O desafio? Divida a cadeia complexa e irregular de moléculas em componentes úteis. E agora descobrimos que o p-hidroxibenzoato (pHB), um composto semelhante ao paracetamol encontrado na lignina do choupo, é relativamente fácil de obter com tratamento químico.
De uma árvore analgésicos e possibilidades
Embora a descoberta inicial tenha mostrado que era quimicamente possível transformar o pHB em paracetamol, também é verdade que o processo não converteu matéria-prima suficiente no produto final.
Agora, o pesquisador Vitaly Tymokhin descobriram que o tratamento da biomassa do choupo com um método diferente (e mais barato) converte quase todo o pHB em outro produto químico que pode então ser transformado em paracetamol ou em uma molécula menos valiosa com outras aplicações.
Você pode fazer analgésicos, corantes como tinta preta, polímeros que podem ser usados em tecidos ou materiais, convertê-los em adesivos ou coisas assim. Tem um mercado enorme e um ótimo valor.
Ao reciclar o produto que não reagiu através de um reator contínuo, os cientistas conseguiram converter 90% da matéria-prima em paracetamol, que extraíram usando um método mais econômico do que as técnicas tradicionais de purificação. Karlen diz que deveria ser possível atingir o rendimento de 99%.
O processo de obtenção de analgésicos e muito mais dos choupos: verdes e industrializáveis
O processo é principalmente à base de água, depende de solventes verdes e é contínuo em vez de em lote, o que o torna ideal para aplicações industriais. Por esta razão, já está em processo de patenteamento pela Wisconsin Alumni Research Foundation, a organização sem fins lucrativos que comercializa descobertas universitárias para apoiar pesquisas em andamento.

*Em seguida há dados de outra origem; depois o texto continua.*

lemma ln_add_one_ge:
  fixes t :: real
  assumes "0 \<le> t"
  shows "2 * t / (2 + t) \<le> ln (1 + t)"
proof -
  let ?f = "\<lambda>x::real. ln (1 + x) - 2 * x / (2 + x)"
  have "?f 0 \<le> ?f t"
  proof (rule DERIV_nonneg_imp_nondecreasing[OF assms])
    fix x :: real
    assume "0 \<le> x"
    then have pos: "0 < 1 + x" "0 < 2 + x"
      by auto
    have "(?f has_real_derivative 1 / (1 + x) - 4 / (2 + x)\<^sup>2) (at x)"
      using pos by - (rule derivative_eq_intros refl | simp add: power2_eq_square)+
    also have "1 / (1 + x) - 4 / (2 + x)\<^sup>2 = x\<^sup>2 / ((1 + x) * (2 + x)\<^sup>2)"
      using pos by (simp add: divide_simps) (simp add: algebra_simps power2_eq_square)
    finally have "(?f has_real_derivative x\<^sup>2 / ((1 + x) * (2 + x)\<^sup>2)) (at x)" .
    moreover have "0 \<le> x\<^sup>2 / ((1 + x) * (2 + x)\<^sup>2)"
      using \<open>0 \<le> x\<close> by simp
    ultimately show "\<exists>y. (?f has_real_derivative y) (at x) \<and> 0 \<le> y"
      by blast
  qed
  then show ?thesis by simp
qed

lemma ln_add_one_le:
  fixes t :: real
  assumes "0 \<le> t"
  shows "ln (1 + t) \<le> t * (2 + t) / (2 * (1 + t))"
proof -
  let ?f = "\<lambda>x::real. x * (2 + x) / (2 * (1 + x)) - ln (1 + x)"
  have "?f 0 \<le> ?f t"
  proof (rule DERIV_nonneg_imp_nondecreasing[OF assms])
    fix x :: real
    assume "0 \<le> x"
    then have pos: "0 < 1 + x"
      by auto
    have "(?f has_real_derivative x\<^sup>2 / (2 * (1 + x)\<^sup>2)) (at x)"
      using pos by - ((rule derivative_eq_intros refl | simp add: divide_simps power2_eq_square)+,
        simp add: algebra_simps)
    moreover have "0 \<le> x\<^sup>2 / (2 * (1 + x)\<^sup>2)"
      by simp
    ultimately show "\<exists>y. (?f has_real_derivative y) (at x) \<and> 0 \<le> y"
      by blast
  qed
  then show ?thesis by simp
qed

lemma ln_add_one_minus_ln:
  fixes x :: real
  assumes "0 < x"
  shows "ln (x + 1) - ln x = ln (1 + 1 / x)"
proof -
  have "1 + 1 / x = (x + 1) / x"
    using assms by (simp add: field_simps)
  then show ?thesis
    using assms by (simp add: ln_div)
qed

lemma ln_add_one_minus_ln_ge:
  fixes x :: real
  assumes "0 < x"
  shows "2 / (2 * x + 1) \<le> ln (x + 1) - ln x"
proof -
  have "2 / (2 * x + 1) = 2 * (1 / x) / (2 + 1 / x)"
    using assms by (simp add: field_simps)
  then show ?thesis
    using ln_add_one_ge[of "1 / x"] assms by (simp add: ln_add_one_minus_ln)
qed

lemma ln_add_one_minus_ln_le:
  fixes x :: real
  assumes "0 < x"
  shows "ln (x + 1) - ln x \<le> (2 * x + 1) / (2 * x * (x + 1))"
proof -
  have "(2 * x + 1) / (2 * x * (x + 1)) = 1 / x * (2 + 1 / x) / (2 * (1 + 1 / x))"
    using assms by (simp add: divide_simps)
  then show ?thesis
    using ln_add_one_le[of "1 / x"] assms by (simp add: ln_add_one_minus_ln)
qed

lemma ln_add_one_minus_ln_le_inverse:
  fixes x :: real
  assumes "0 < x"
  shows "ln (x + 1) - ln x \<le> 1 / x"
  using ln_add_one_self_le_self[of "1 / x"] assms by (simp add: ln_add_one_minus_ln)

lemma ln_fact_Suc: "ln (fact (Suc k) :: real) = ln (real k + 1) + ln (fact k)"
  by (simp add: ln_mult)

lemma ln_fact_ge:
  assumes "1 \<le> k"
  shows "k * ln k - k \<le> ln (fact k :: real)"
  using assms
proof (induction k rule: nat_induct_at_least)
  case base then show ?case by simp
next
  case (Suc k)
  have "k * (ln (k + 1) - ln k) \<le> 1"
    using ln_add_one_minus_ln_le_inverse[of k] Suc.hyps by (simp add: field_simps)
  then show ?case
    using Suc.IH ln_fact_Suc[of k] by (simp add: algebra_simps)
qed

lemma ln_fact_le:
  assumes "1 \<le> k"
  shows "ln (fact k :: real) \<le> k * ln k - k + 1 + ln k / 2"
  using assms
proof (induction k rule: nat_induct_at_least)
  case base then show ?case by simp
next
  case (Suc k)
  have "1 \<le> (k + 1 / 2) * (ln (k + 1) - ln k)"
    using ln_add_one_minus_ln_ge[of k] Suc.hyps by (simp add: field_simps)
  then show ?case
    using Suc.IH ln_fact_Suc[of k] by (simp add: algebra_simps)
qed

lemma exp_partial_sum_le:
  fixes x :: real
  assumes "0 \<le> x"
  shows "(\<Sum>k<n. x ^ k / fact k) \<le> exp x"
  using sum_le_suminf[OF sums_summable[OF exp_series_real], of "{..<n}"] assms
  by (simp add: sums_unique[OF exp_series_real])

lemma ln_6_less: "ln (6 :: real) < 19 / 10"
proof -
  have "6 < (\<Sum>k<5. (19 / 10 :: real) ^ k / fact k)"
    by (simp add: numeral_eq_Suc fact_numeral)
  also have "\<dots> \<le> exp (19 / 10)"
    by (rule exp_partial_sum_le) simp
  finally show ?thesis
    using ln_less_cancel_iff[of 6 "exp (19 / 10)"] by simp
qed

lemma ln_add_one_le_minus_one:
  fixes m :: real
  assumes "3 \<le> m"
  shows "ln (m + 1) \<le> m - 1"
proof -
  have "2 * 2 \<le> (m - 1) * (m - 1)"
    using assms by (intro mult_mono) auto
  then have "m + 1 \<le> (\<Sum>k<3. (m - 1) ^ k / fact k)"
    by (simp add: numeral_eq_Suc power2_eq_square)
  also have "\<dots> \<le> exp (m - 1)"
    by (rule exp_partial_sum_le) (use assms in simp)
  finally show ?thesis
    using assms ln_le_cancel_iff[of "m + 1" "exp (m - 1)"] by simp
qed

lemma one_add_ln_squared_less:
  fixes n :: nat
  assumes "6 \<le> n"
  shows "(1 + ln (real n))\<^sup>2 < 2 * real n - 3"
  using assms
proof (induction n rule: nat_induct_at_least)
  case base
  have "(1 + ln (6 :: real))\<^sup>2 < (1 + 19 / 10)\<^sup>2"
    using ln_6_less by (intro power_strict_mono) auto
  then show ?case
    by (simp add: power2_eq_square)
next
  case (Suc n)
  define m where "m = real n"
  have m: "6 \<le> m"
    using Suc.hyps by (simp add: m_def)
  have "(1 + ln (m + 1))\<^sup>2 - (1 + ln m)\<^sup>2 = (ln (m + 1) - ln m) * (2 + ln (m + 1) + ln m)"
    by (simp add: algebra_simps power2_eq_square)
  also have "\<dots> \<le> (1 / m) * (2 * m)"
  proof (rule mult_mono)
    show "ln (m + 1) - ln m \<le> 1 / m"
      using m by (intro ln_add_one_minus_ln_le_inverse) simp
    show "2 + ln (m + 1) + ln m \<le> 2 * m"
    proof -
      have "ln m \<le> ln (m + 1)"
        using m by simp
      then show ?thesis
        using ln_add_one_le_minus_one[of m] m by linarith
    qed
  qed (use m in simp_all)
  finally have "(1 + ln (m + 1))\<^sup>2 \<le> (1 + ln m)\<^sup>2 + 2"
    using m by simp
  then show ?case
    using Suc.IH by (simp add: m_def add.commute)
qed

text \<open>The hypothesis of \<open>exp_neg_add_exp_less_2\<close> for \<open>a = s/(m-1)\<close>, \<open>b = (s+L)/(m+1)\<close>,
cleared of denominators and written in terms of \<open>u = L (m - 1)\<close>.\<close>

definition lalescu_discr :: "real \<Rightarrow> real \<Rightarrow> real \<Rightarrow> real" where
  "lalescu_discr m u s = (2 * m * s + u)\<^sup>2 - 4 * (m\<^sup>2 - 1) * (2 * s - u)"

lemma lalescu_discr_scaled:
  fixes m s L :: real
  assumes "m - 1 \<noteq> 0" "m + 1 \<noteq> 0"
  defines "a \<equiv> s / (m - 1)" and "b \<equiv> (s + L) / (m + 1)"
  shows "((a + b)\<^sup>2 - 4 * (a - b)) * ((m - 1) * (m + 1))\<^sup>2 = lalescu_discr m (L * (m - 1)) s"
proof -
  have a: "a * (m - 1) = s" and b: "b * (m + 1) = s + L"
    using assms by simp_all
  have "(a + b) * ((m - 1) * (m + 1)) = (a * (m - 1)) * (m + 1) + (b * (m + 1)) * (m - 1)"
    by (simp add: algebra_simps)
  then have sum: "(a + b) * ((m - 1) * (m + 1)) = 2 * m * s + L * (m - 1)"
    unfolding a b by (simp add: algebra_simps)
  have "(a - b) * ((m - 1) * (m + 1)) = (a * (m - 1)) * (m + 1) - (b * (m + 1)) * (m - 1)"
    by (simp add: algebra_simps)
  then have diff: "(a - b) * ((m - 1) * (m + 1)) = 2 * s - L * (m - 1)"
    unfolding a b by (simp add: algebra_simps)
  have "((a + b)\<^sup>2 - 4 * (a - b)) * ((m - 1) * (m + 1))\<^sup>2
      = ((a + b) * ((m - 1) * (m + 1)))\<^sup>2 - 4 * ((m - 1) * (m + 1)) * ((a - b) * ((m - 1) * (m + 1)))"
    by (simp add: algebra_simps power2_eq_square)
  also have "\<dots> = lalescu_discr m (L * (m - 1)) s"
    unfolding sum diff lalescu_discr_def by (simp add: algebra_simps power2_eq_square)
  finally show ?thesis .
qed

O que isso significa? Significa que poderemos ver em breve o nascimento de uma nova geração de pequenas biorrefinarias capazes de transformar madeira numa infinidade de produtos valiosos, criando novos empregos e oportunidades económicas, especialmente nas zonas rurais e florestais.
Analgésicos no centro de um novo e delicado equilíbrio verde
O choupo é uma árvore com características especiais que o colocam no centro de muitas utilizações. Das fibras têxteis ao mobiliário, da pasta de madeira ao sequestro de CO2. Cresce um metro por ano, pode ter uma rotação rápida e não corremos o risco de acelerar o desmatamento usando-o também para analgésicos.
Claro, o caminho ainda é longo e não está isento de obstáculos. Serão necessários investimentos, políticas clarividentes e colaboração entre a investigação, a indústria e o governo para transformar esta descoberta promissora numa realidade generalizada e acessível a todos.
O passo dado pelos investigadores da Universidade de Wisconsin-Madison parece apontar na direcção certa: a de um mundo em que a química verde já não seja uma excepção, mas sim a regra. E haverá dor por causa do petróleo.